Greek Finance Crisis - The EU defended itself against the irresponsible spending of one of its members. It is akin to a parent demanding that a child do extra chores, in return for extra pocket money which the child needs to go on a school trip (money which was previously available, but which was spent on sweets instead). It wasn't undemocratic - It was the democratic will (and in the best interests) of the rest of Europe. It wasn't pleasant for greece, but im afraid it was necessary to maintain the integrity of Europe.

Debilitating immigration policies - the EU sets no immigration policies. Countries are free to apply their own social security standards.
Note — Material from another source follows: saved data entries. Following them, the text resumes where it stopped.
lemma independent_matchable_into_nbh:
  assumes g: "graph V E" and h: "half_unique_optimum V E"
    and Z: "Z \<subseteq> V" "independent E Z"
  shows "\<exists>f. inj_on f Z \<and> (\<forall>a\<in>Z. f a \<in> nbh V E Z - {n} \<and> {a, f a} \<in> E)"
proof -
  define N where "N a = {v \<in> nbh V E Z - {n}. {a, v} \<in> E}" for a
  have fin: "finite V" "finite Z" using g finite_subset[OF Z(1)] unfolding graph_def by auto
  have "hall_condition Z N"
    unfolding hall_condition_def
  proof (intro allI impI)
    fix S assume S: "S \<subseteq> Z"
    show "card S \<le> card (\<Union>(N ` S))"
    proof (cases "S = {}")
      case False
      have "independent E S" using Z(2) S unfolding independent_def by blast
      then have "card S < card (nbh V E S)"
        using card_less_card_nbh[OF g h] S Z(1) False by blast
      also have "\<dots> \<le> Suc (card (nbh V E S - {n}))"
        by (rule card_le_Suc_card_Diff_singleton)
      also have "card (nbh V E S - {n}) \<le> card (\<Union>(N ` S))"
      proof (rule card_mono)
        show "finite (\<Union>(N ` S))"
          by (rule finite_subset[OF _ fin(1)]) (auto simp: N_def nbh_def)
        show "nbh V E S - {n} \<subseteq> \<Union>(N ` S)"
        proof
          fix v assume "v \<in> nbh V E S - {n}"
          then obtain u where u: "u \<in> S" "{u, v} \<in> E" "v \<noteq> n"
            unfolding nbh_def by blast
          then have "v \<in> nbh V E Z"
            using independent_edge_in_nbh[OF g Z(2)] S by blast
          then show "v \<in> \<Union>(N ` S)" using u unfolding N_def by blast
        qed
      qed
      finally show ?thesis by simp
    qed simp
  qed
  then obtain f where "inj_on f Z" "\<forall>a\<in>Z. f a \<in> N a"
    using Hall_marriage[OF fin(2)] by blast
  then show ?thesis unfolding N_def by auto
qed

section \<open>Reduction Rule 3\<close>

definition rr3_lift :: "'a set \<Rightarrow> 'a set set \<Rightarrow> 'a set \<Rightarrow> 'a \<Rightarrow> ('a \<Rightarrow> real) \<Rightarrow> 'a \<Rightarrow> real" where
  "rr3_lift V E Z z x v =
     (if v \<in> Z then 1 - x z else if v \<in> nbh V E Z then x z else x v)"

lemma rr3_lift_feasible:
  assumes g: "graph V E" and Z: "independent E Z" "independent E (nbh V E Z)"
    and feasible: "lpvc_feasible (rr3_vertices V E Z z) (rr3_edges V E Z z) x"
  shows "lpvc_feasible V E (rr3_lift V E Z z x)"
proof -
  define NZ where "NZ = nbh V E Z"
  define y where "y = rr3_lift V E Z z x"
  have bounds: "0 \<le> x v \<and> x v \<le> 1" if "v = z \<or> v \<in> V - (Z \<union> NZ)" for v
    using feasible that unfolding lpvc_feasible_def rr3_vertices_def NZ_def by blast
  have NZ: "Z \<inter> NZ = {}" unfolding NZ_def nbh_def by blast
  have covered: "1 \<le> y u + y v" if e: "{u, v} \<in> E" and u: "u \<in> Z \<union> NZ" for u v
  proof (cases "u \<in> Z")
    case True
    then have "v \<in> NZ" using independent_edge_in_nbh[OF g Z(1) e] by (simp add: NZ_def)
    then show ?thesis using True NZ by (auto simp: y_def rr3_lift_def NZ_def)
  next
    case False
    have "v \<notin> NZ" using Z(2) u False e unfolding independent_def NZ_def by blast
    show ?thesis
    proof (cases "v \<in> Z")
      case False
      have "v \<in> nbh V E NZ - Z"
        using u \<open>u \<notin> Z\<close> \<open>v \<notin> Z\<close> \<open>v \<notin> NZ\<close> e graph_edgeD[OF g e] by (auto simp: nbh_def)
      then have "{z, v} \<in> rr3_edges V E Z z" unfolding rr3_edges_def NZ_def by blast
      then have "1 \<le> x z + x v" using feasible unfolding lpvc_feasible_def by blast
      then show ?thesis
        using u \<open>u \<notin> Z\<close> \<open>v \<notin> Z\<close> \<open>v \<notin> NZ\<close> by (simp add: y_def rr3_lift_def NZ_def)
    qed (use u False in \<open>simp add: y_def rr3_lift_def NZ_def\<close>)
  qed
  have "1 \<le> y u + y v" if e: "{u, v} \<in> E" for u v
  proof -
    have e': "{v, u} \<in> E" using e by (simp add: insert_commute)
    consider "u \<in> Z \<union> NZ" | "v \<in> Z \<union> NZ" | "u \<notin> Z \<union> NZ" "v \<notin> Z \<union> NZ" by blast
    then show ?thesis
    proof cases
      case 2 then show ?thesis using covered[OF e'] by simp
    next
      case 3
      then have "{u, v} \<in> rr3_edges V E Z z"
        using e unfolding rr3_edges_def NZ_def by blast
      then show ?thesis
        using feasible 3 unfolding lpvc_feasible_def by (simp add: y_def rr3_lift_def NZ_def)
    qed (use covered[OF e] in blast)
  qed
  moreover have "0 \<le> y v \<and> y v \<le> 1" if "v \<in> V" for v
    using bounds[of z] bounds[of v] that by (auto simp: y_def rr3_lift_def NZ_def)
  ultimately show ?thesis unfolding lpvc_feasible_def y_def by blast
qed

lemma sum_rr3_lift:
  assumes "finite V" "Z \<subseteq> V" "surplus V E Z = 1" "z \<notin> V"
  shows "(\<Sum>v\<in>V. rr3_lift V E Z z x v) = real (card Z) + (\<Sum>v\<in>rr3_vertices V E Z z. x v)"
proof -
  define NZ where "NZ = nbh V E Z"
  define R where "R = V - (Z \<union> NZ)"
  define y where "y = rr3_lift V E Z z x"
  have NZ: "NZ \<subseteq> V" "Z \<inter> NZ = {}" unfolding NZ_def nbh_def by auto
  have fin: "finite Z" "finite NZ" "finite R"
    using assms(1) finite_subset[OF assms(2)] finite_subset[OF NZ(1)] by (auto simp: R_def)
  have card_NZ: "real (card NZ) = real (card Z) + 1"
    using assms(3) unfolding surplus_def NZ_def by linarith
  have "V = (Z \<union> NZ) \<union> R" "(Z \<union> NZ) \<inter> R = {}" using assms(2) NZ(1) by (auto simp: R_def)
  then have "(\<Sum>v\<in>V. y v) = (\<Sum>v\<in>Z. y v) + (\<Sum>v\<in>NZ. y v) + (\<Sum>v\<in>R. y v)"
    using fin NZ(2) by (simp add: sum.union_disjoint)
  also have "(\<Sum>v\<in>Z. y v) = (\<Sum>v\<in>Z. 1 - x z)"
    by (rule sum.cong) (simp_all add: y_def rr3_lift_def)
  also have "(\<Sum>v\<in>NZ. y v) = (\<Sum>v\<in>NZ. x z)"
    by (rule sum.cong) (use NZ(2) in \<open>auto simp: y_def rr3_lift_def NZ_def\<close>)
  also have "(\<Sum>v\<in>R. y v) = (\<Sum>v\<in>R. x v)"
    by (rule sum.cong) (simp_all add: y_def rr3_lift_def NZ_def R_def)
  also have "(\<Sum>v\<in>Z. 1 - x z) + (\<Sum>v\<in>NZ. x z) + (\<Sum>v\<in>R. x v)
      = real (card Z) + (x z + (\<Sum>v\<in>R. x v))"
    using card_NZ by (simp add: algebra_simps)
  also have "x z + (\<Sum>v\<in>R. x v) = (\<Sum>v\<in>rr3_vertices V E Z z. x v)"
    using fin assms(4) by (simp add: rr3_vertices_def R_def NZ_def)
  finally show ?thesis unfolding y_def .
qed

lemma LP_le_LP_rr3:
  assumes g: "graph V E" and Z: "Z \<subseteq> V" "independent E Z" "surplus V E Z = 1"
    "independent E (nbh V E Z)" and z: "z \<notin> V"
  shows "LP V E \<le> real (card Z) + LP (rr3_vertices V E Z z) (rr3_edges V E Z z)"
proof -
  have "LP V E - real (card Z) \<le> LP (rr3_vertices V E Z z) (rr3_edges V E Z z)"
    unfolding LP_def[of "rr3_vertices V E Z z"]
  proof (rule cInf_greatest)
    have "lpvc_feasible (rr3_vertices V E Z z) (rr3_edges V E Z z) (\<lambda>_. 1)"
      unfolding lpvc_feasible_def by simp
    then show "{\<Sum>v\<in>rr3_vertices V E Z z. x v |x.
        lpvc_feasible (rr3_vertices V E Z z) (rr3_edges V E Z z) x} \<noteq> {}" by blast
  next
    fix s assume "s \<in> {\<Sum>v\<in>rr3_vertices V E Z z. x v |x.
        lpvc_feasible (rr3_vertices V E Z z) (rr3_edges V E Z z) x}"
    then obtain x where s: "s = (\<Sum>v\<in>rr3_vertices V E Z z. x v)"
      and feasible: "lpvc_feasible (rr3_vertices V E Z z) (rr3_edges V E Z z) x" by blast
    have "LP V E \<le> (\<Sum>v\<in>V. rr3_lift V E Z z x v)"
      by (rule LP_le[OF rr3_lift_feasible[OF g Z(2,4) feasible]])
    also have "\<dots> = real (card Z) + s"
      using sum_rr3_lift[OF _ Z(1,3) z] g s unfolding graph_def by simp
    finally show "LP V E - real (card Z) \<le> s" by simp
  qed
  then show ?thesis by simp
qed

lemma finite_rr3_edges:
  assumes "graph V E"
  shows "finite (rr3_edges V E Z z)"
proof -
  have "rr3_edges V E Z z \<subseteq> E \<union> (\<lambda>w. {z, w}) ` V"
    unfolding rr3_edges_def nbh_def by blast
  then show ?thesis
    using graph_finite_edges[OF assms] assms unfolding graph_def
    by (meson finite_Un finite_imageI finite_subset)
qed

lemma rr3_edgesE:
  assumes "e \<in> rr3_edges V E Z z"
  obtains "e \<in> E" "e \<inter> (Z \<union> nbh V E Z) = {}"
    | w where "e = {z, w}" "w \<in> nbh V E (nbh V E Z) - Z"
  using assms unfolding rr3_edges_def by blast

lemma rr3_matching_lift:
  assumes g: "graph V E" and z: "z \<notin> V" and "nbh V E Z \<noteq> {}"
    and M': "matching (rr3_edges V E Z z) M'" "finite M'"
  shows "\<exists>M n. matching E M \<and> card M = card M' \<and> (\<forall>e\<in>M. e \<inter> (Z \<union> (nbh V E Z - {n})) = {})"
proof -
  define NZ where "NZ = nbh V E Z"
  have z_new: "z \<notin> e" if "e \<in> E" for e using graph_edges_subset[OF g that] z by blast
  have M'_edges: "e \<in> rr3_edges V E Z z" if "e \<in> M'" for e
    using that M'(1) unfolding matching_def by blast
  have old_edges: "e \<in> E \<and> e \<inter> (Z \<union> NZ) = {}" if "e \<in> M'" "z \<notin> e" for e
    using M'_edges[OF that(1)] that(2) unfolding NZ_def by (cases rule: rr3_edgesE) auto
  show ?thesis
  proof (cases "\<exists>e\<in>M'. z \<in> e")
    case False
    then have "matching E M'" "\<forall>e\<in>M'. e \<inter> (Z \<union> (NZ - {n})) = {}" for n
      using old_edges M'(1) unfolding matching_def by blast+
    then show ?thesis unfolding NZ_def by blast
  next
    case True
    then obtain e0 where e0: "e0 \<in> M'" "z \<in> e0" by blast
    obtain w where w: "e0 = {z, w}" "w \<in> nbh V E NZ - Z"
      using M'_edges[OF e0(1)] z_new e0(2) unfolding NZ_def by (cases rule: rr3_edgesE) auto
    then obtain n where n: "n \<in> NZ" "{n, w} \<in> E" "w \<notin> NZ"
      unfolding nbh_def by blast
    have rest: "e \<in> E \<and> e \<inter> (Z \<union> NZ) = {} \<and> w \<notin> e" if "e \<in> M' - {e0}" for e
    proof -
      have "e \<inter> e0 = {}" using that e0(1) M'(1) unfolding matching_def by blast
      then show ?thesis using old_edges[of e] that w(1) by blast
    qed
    define M where "M = insert {n, w} (M' - {e0})"
    have "matching E (M' - {e0})" using rest M'(1) unfolding matching_def by blast
    then have "matching E M"
      unfolding M_def using rest n by (intro matching_insert) blast+
    moreover have "card M = card M'"
    proof -
      have "{n, w} \<notin> M' - {e0}" using rest n(1) by blast
      moreover have "card M' > 0" using e0(1) M'(2) card_gt_0_iff by blast
      ultimately show ?thesis using e0(1) M'(2) by (simp add: M_def card_Diff_singleton)
    qed
    moreover have "\<forall>e\<in>M. e \<inter> (Z \<union> (NZ - {n})) = {}"
    proof -
      have "n \<notin> Z" using n(1) unfolding NZ_def nbh_def by blast
      then show ?thesis using rest w(2) n(3) unfolding M_def by blast
    qed
    ultimately show ?thesis unfolding NZ_def by blast
  qed
qed

lemma MM_rr3_add_card_le:
  assumes g: "graph V E" and h: "half_unique_optimum V E"
    and Z: "Z \<subseteq> V" "independent E Z" "surplus V E Z = 1" and z: "z \<notin> V"
  shows "MM (rr3_edges V E Z z) + card Z \<le> MM E"
proof -
  obtain M' where M': "matching (rr3_edges V E Z z) M'" "card M' = MM (rr3_edges V E Z z)"
    using MM_attained[OF finite_rr3_edges[OF g]] by blast
  have "finite M'"
    using M'(1) finite_subset[OF _ finite_rr3_edges[OF g]] unfolding matching_def by blast
  moreover have "nbh V E Z \<noteq> {}" using Z(3) unfolding surplus_def by auto
  ultimately obtain M n where M: "matching E M" "card M = card M'"
    and avoid: "\<forall>e\<in>M. e \<inter> (Z \<union> (nbh V E Z - {n})) = {}"
    using rr3_matching_lift[OF g z _ M'(1)] by blast
  obtain f where f: "inj_on f Z" "\<forall>a\<in>Z. f a \<in> nbh V E Z - {n} \<and> {a, f a} \<in> E"
    using independent_matchable_into_nbh[OF g h Z(1,2)] by blast
  define S where "S = (\<lambda>a. {a, f a}) ` Z"
  have "\<forall>a\<in>Z. f a \<notin> Z" using f(2) unfolding nbh_def by blast
  then have S: "matching E S" "card S = card Z"
    using matching_star[OF f(1)] f(2) unfolding S_def by auto
  have disjoint: "\<forall>e\<in>M. \<forall>e'\<in>S. e \<inter> e' = {}" using avoid f(2) unfolding S_def by blast
  then have "matching E (M \<union> S)" using M(1) S(1) by (intro matching_Un)
  moreover have "card (M \<union> S) = card M + card Z"
  proof -
    have "M \<subseteq> E" "S \<subseteq> E" using M(1) S(1) unfolding matching_def by blast+
    then have "finite M" "finite S" using finite_subset graph_finite_edges[OF g] by blast+
    moreover have "M \<inter> S = {}"
    proof (rule ccontr)
      assume "M \<inter> S \<noteq> {}"
      then obtain a where a: "a \<in> Z" "{a, f a} \<in> M" unfolding S_def by blast
      then show False using avoid[rule_format, OF a(2)] by blast
    qed
    ultimately show ?thesis using S(2) by (simp add: card_Un_disjoint)
  qed
  ultimately show ?thesis
    using card_le_MM[OF graph_finite_edges[OF g], of "M \<union> S"] M(2) M'(2) by simp
qed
The only the thing the EU brought is freedom of movement, something that has worked to the advantage of every country it has applied to, and which was accepted by every country as a pre-requisite of membership. Every country in the EU agreed to the freedom of movement criteria, so its too late to throw toys out of prams now, and moan about it. If you wanted restricted freedom of movement, you should not have joined. Its that simple.

Swiss Einwandering initiative. Switzerland signed a bilateral agreement. Switzerland benefited vastly from that agreement. Switzerland now wants to change that agreement, to the detriment of the EU, in a way they agreed they wouldn't. If Switzerland wanted to have such initiatives pass without issue, they should not have signed said agreement, and should have foregone the advantages it brought. Its that simple.

The EU has actually protected domestic trade and the quality of products (case in point: olive oil). It has helped domestic producers, but has hurt those consumers who seek to buy the lowest quality/lowest cost goods. Not a bad thing, IMHO.

The point is that in each of these cases you refer to, the EU may not have acted in the way you wanted it to, and its easy to call it undemocratic because of that. But the fact is, the EU does not act in your interests, or those who share your viewpoint. It acts in the overall interest of 500,000,000 people, and must do what is the best thing for as many of those people as possible, even if it means a small proportion of those people will be pissed off because of it.

Which troika are you referring to?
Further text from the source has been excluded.